# Uptime!



## iTails (Aug 10, 2011)

How long has your computer been on?


----------



## Draconas (Aug 10, 2011)

About an hour for my laptop, 1 day, 9 hours, and 30 minutes for my desktop though it's gonna reboot when this game finishes downloading, yay windows updates.


----------



## Obtuse tail (Aug 10, 2011)

i turn my computer off every night to conserve power. (our energy bill gets real high)
The longest it's been on was like, 2 weeks.


----------



## Leafblower29 (Aug 11, 2011)

Yesterday.


----------



## TechnoGypsy (Aug 11, 2011)

Obtuse tail said:


> i turn my computer off every night to conserve power. (our energy bill gets real high)



I do the same thing, unless I'm downloading something massive or if it's just plain slow. The longest has been 2 days.


----------



## DW_ (Aug 11, 2011)

There


----------



## Draconas (Aug 11, 2011)

TheDW said:


> There



I'm gonna guess but, is that a year?


----------



## DW_ (Aug 11, 2011)

Draconas said:


> I'm gonna guess but, is that a year?



One day.


----------



## Runefox (Aug 11, 2011)

My computer typically only turns off for the following reasons:

Power failure
Upgrades
Cleaning


Uptime readings are not accurate due to the following:

Triple-boot between Windows 7, Ubuntu 11.04 and OS X 10.6.7
Update installation
Any other random reboot


----------



## Sar (Aug 25, 2011)

4 hours is the average,
10 Hours is the record.


----------



## ArielMT (Aug 25, 2011)

Mine only shuts down for power outages and kernel upgrades, and the former is happening quite a lot thanks to the later than usual rainy season.  It's not uncommon for me to have a season or two of continuous uptime.

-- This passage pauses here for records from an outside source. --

lemma poly_interpolation:
  fixes xs ys :: "'a::field list"
  assumes "distinct xs" "length ys = length xs"
  shows "\<exists>P. map (poly P) xs = ys"
  using assms
proof (induction xs arbitrary: ys)
  case Nil
  thus ?case by simp
next
  case (Cons x xs)
  then obtain y ys' where ys: "ys = y # ys'" "length ys' = length xs" by (cases ys) auto
  obtain P where P: "map (poly P) xs = ys'" using Cons ys by auto
  define L where "L = (\<Prod>c\<in>set xs. [:-c, 1:])"
  have L: "poly L c = 0 \<longleftrightarrow> c \<in> set xs" for c
    unfolding L_def by (simp add: poly_prod_linear_factors_eq_0_iff)
  define P' where "P' = P + smult ((y - poly P x) / poly L x) L"
  have "map (poly P') xs = ys'" using P L by (auto simp: P'_def)
  moreover have "poly P' x = y" using L Cons.prems by (simp add: P'_def)
  ultimately show ?case using ys by auto
qed

lemma lp_eval_eq_sum_superset:
  assumes "finite S" "{n. f $$ n \<noteq> 0} \<subseteq> S"
  shows "lp_eval f a = (\<Sum>n\<in>S. f $$ n * a powi n)"
  unfolding lp_eval_def by (rule sum.mono_neutral_left) (use assms in auto)

text \<open>The hypothesis is needed because lp_refl is defined through Abs_fls, which
  only represents coefficient sequences vanishing for all sufficiently negative indices.\<close>

lemma lp_refl_nth:
  assumes "lpoly f"
  shows "lp_refl f $$ n = f $$ (- n)"
proof -
  have fin: "finite {n. f $$ n \<noteq> 0}" using assms by (simp add: lpoly_def)
  have "finite {k::nat. f $$ (- (- int k)) \<noteq> 0}"
    by (rule finite_subset[of _ "nat ` {n. f $$ n \<noteq> 0}"])
      (use fin in \<open>auto simp: image_iff intro!: exI[of _ "int _"]\<close>)
  hence "\<forall>\<^sub>\<infinity>k. (\<lambda>n. f $$ (- n)) (- int k) = 0"
    by (simp add: eventually_cofinite)
  thus ?thesis unfolding lp_refl_def by simp
qed

lemma lpoly_lp_refl:
  assumes "lpoly f"
  shows "lpoly (lp_refl f)"
proof -
  have "{n. lp_refl f $$ n \<noteq> 0} = uminus ` {n. f $$ n \<noteq> 0}"
    using lp_refl_nth[OF assms] by (auto simp: image_iff intro!: exI[of _ "- _"])
  thus ?thesis using assms by (simp add: lpoly_def)
qed

lemma lp_refl_lp_refl: "lpoly f \<Longrightarrow> lp_refl (lp_refl f) = f"
  by (rule fls_eqI) (simp add: lp_refl_nth lpoly_lp_refl)

lemma lpoly_diff: "lpoly f \<Longrightarrow> lpoly g \<Longrightarrow> lpoly (f - g)"
  unfolding lpoly_def
  by (rule finite_subset[of _ "{n. f $$ n \<noteq> 0} \<union> {n. g $$ n \<noteq> 0}"]) auto

lemma lp_refl_diff: "lpoly f \<Longrightarrow> lpoly g \<Longrightarrow> lp_refl (f - g) = lp_refl f - lp_refl g"
  by (rule fls_eqI) (simp add: lp_refl_nth lpoly_diff)

lemma lp_eval_uminus: "lp_eval (- f) a = - lp_eval f a"
  unfolding lp_eval_def by (simp add: sum_negf)

lemma lp_eval_diff:
  assumes "lpoly f" "lpoly g"
  shows "lp_eval (f - g) a = lp_eval f a - lp_eval g a"
proof -
  let ?S = "{n. f $$ n \<noteq> 0} \<union> {n. g $$ n \<noteq> 0}"
  have S: "finite ?S" using assms by (simp add: lpoly_def)
  have "lp_eval (f - g) a = (\<Sum>n\<in>?S. (f - g) $$ n * a powi n)"
    by (rule lp_eval_eq_sum_superset[OF S]) auto
  also have "\<dots> = (\<Sum>n\<in>?S. f $$ n * a powi n) - (\<Sum>n\<in>?S. g $$ n * a powi n)"
    by (simp add: left_diff_distrib sum_subtractf)
  also have "(\<Sum>n\<in>?S. f $$ n * a powi n) = lp_eval f a"
    by (rule lp_eval_eq_sum_superset[OF S, symmetric]) auto
  also have "(\<Sum>n\<in>?S. g $$ n * a powi n) = lp_eval g a"
    by (rule lp_eval_eq_sum_superset[OF S, symmetric]) auto
  finally show ?thesis .
qed

lemma lp_eval_lp_refl:
  assumes "lpoly f"
  shows "lp_eval (lp_refl f) a = lp_eval f (inverse a)"
proof -
  have "lp_eval (lp_refl f) a = (\<Sum>n\<in>uminus ` {n. f $$ n \<noteq> 0}. lp_refl f $$ n * a powi n)"
    by (rule lp_eval_eq_sum_superset)
      (use assms in \<open>auto simp: lp_refl_nth lpoly_def image_iff intro!: exI[of _ "- _"]\<close>)
  also have "\<dots> = (\<Sum>n\<in>{n. f $$ n \<noteq> 0}. f $$ n * a powi (- n))"
    by (subst sum.reindex) (auto simp: inj_on_def lp_refl_nth assms)
  also have "\<dots> = lp_eval f (inverse a)"
    unfolding lp_eval_def by (simp add: power_int_minus power_int_inverse)
  finally show ?thesis .
qed

lemma lp_eval_antisymmetric:
  assumes "lpoly q" "lp_refl q = - q"
  shows "lp_eval q (inverse a) = - lp_eval q a"
  using lp_eval_lp_refl[OF assms(1), of a] by (simp add: assms(2) lp_eval_uminus)

lemma support_shift_lp_of_poly:
  "{n. fls_shift m (lp_of_poly P) $$ n \<noteq> 0} \<subseteq> (\<lambda>i. int i - m) ` {..degree P}"
proof
  fix n assume "n \<in> {n. fls_shift m (lp_of_poly P) $$ n \<noteq> 0}"
  hence n: "n + m \<ge> 0" "coeff P (nat (n + m)) \<noteq> 0"
    by (auto simp: lp_of_poly_def split: if_splits)
  hence "nat (n + m) \<le> degree P" using le_degree by blast
  thus "n \<in> (\<lambda>i. int i - m) ` {..degree P}"
    using n by (auto simp: image_iff intro!: bexI[of _ "nat (n + m)"])
qed

lemma lpoly_shift_lp_of_poly: "lpoly (fls_shift m (lp_of_poly P))"
  unfolding lpoly_def by (rule finite_subset[OF support_shift_lp_of_poly]) auto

Except on Windows.  I have to reboot at least once a week just to do simple things without slowdowns, hangups, and crashes.


----------



## johnny (Aug 25, 2011)

Twelve minutes ^_^


----------



## SnowFox (Aug 25, 2011)

Home:
20:46:45 up 18 days,  8:31,  2 users,  load average: 1.53, 1.39, 1.15

Work:
20:47:27 up 160 days,  2:21,  1 user,  load average: 0.00, 0.01, 0.05

I think its previous uptime was about 50 days. It's only ever been rebooted once since I installed the OS.


----------